(* Let $P_n$ be a labeled path such that the number of left-upper corners of its ribbon diagram $RT(P_n)$ differs from the number of right-lower corners of $RT(P_n)$. Then $X(P_n;\mathbf{x},q)$ is not palindromic, and hence not symmetric.
   Context: A labeled path $P_n$ is the path graph with vertices $v_1,\dots,v_n$ (edges $v_iv_{i+1}$) where $v_i$ carries label $\sigma_i$ for a permutation $\sigma$ of $[n]$; vertices are identified with labels. A proper coloring is $c\colon[n]\to\{1,2,\dots\}$ with adjacent vertices colored differently; $\operatorname{asc}(c)=\#\{ij\in E: i<j,\ c(i)<c(j)\}$. The CQF is $X(P_n;\mathbf{x},q)=\sum_{c \text{ proper}} x_{c(1)}\cdots x_{c(n)}q^{\operatorname{asc}(c)}$. It is symmetric if each coefficient of $q^k$ is a symmetric function, and palindromic if the coefficient of $q^k$ equals that of $q^{(n-1)-k}$ for all $k$. The ad-pattern of $P_n$ is $w_1\cdots w_{n-1}$ with $w_i=a$ if $\sigma_i<\sigma_{i+1}$ and $w_i=d$ otherwise. The ribbon diagram $RT(P_n)$ consists of $n$ unit boxes placed in the plane: start with box $1$, and for $i=1,\dots,n-1$ place box $i+1$ immediately to the right of box $i$ if $w_i=a$ and immediately above box $i$ if $w_i=d$. A left-upper (LU) corner is a box with no box immediately to its left and no box immediately above it; a right-lower (RL) corner is a box with no box immediately to its right and no box immediately below it. *)

theory Defs
  imports Main
begin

□ □ □ □ □

_What is needed_: What this exercise asks for is an exact copy of all the records.

_Result_:
(* Let $P_n$ be a labeled path such that the number of left-upper corners of its ribbon diagram $RT(P_n)$ differs from the number of right-lower corners of $RT(P_n)$. Then $X(P_n;\mathbf{x},q)$ is not palindromic, and hence not symmetric.
   Context: A labeled path $P_n$ is the path graph with vertices $v_1,\dots,v_n$ (edges $v_iv_{i+1}$) where $v_i$ carries label $\sigma_i$ for a permutation $\sigma$ of $[n]$; vertices are identified with labels. A proper coloring is $c\colon[n]\to\{1,2,\dots\}$ with adjacent vertices colored differently; $\operatorname{asc}(c)=\#\{ij\in E: i<j,\ c(i)<c(j)\}$. The CQF is $X(P_n;\mathbf{x},q)=\sum_{c \text{ proper}} x_{c(1)}\cdots x_{c(n)}q^{\operatorname{asc}(c)}$. It is symmetric if each coefficient of $q^k$ is a symmetric function, and palindromic if the coefficient of $q^k$ equals that of $q^{(n-1)-k}$ for all $k$. The ad-pattern of $P_n$ is $w_1\cdots w_{n-1}$ with $w_i=a$ if $\sigma_i<\sigma_{i+1}$ and $w_i=d$ otherwise. The ribbon diagram $RT(P_n)$ consists of $n$ unit boxes placed in the plane: start with box $1$, and for $i=1,\dots,n-1$ place box $i+1$ immediately to the right of box $i$ if $w_i=a$ and immediately above box $i$ if $w_i=d$. A left-upper (LU) corner is a box with no box immediately to its left and no box immediately above it; a right-lower (RL) corner is a box with no box immediately to its right and no box immediately below it. *)

theory Defs
  imports Main
begin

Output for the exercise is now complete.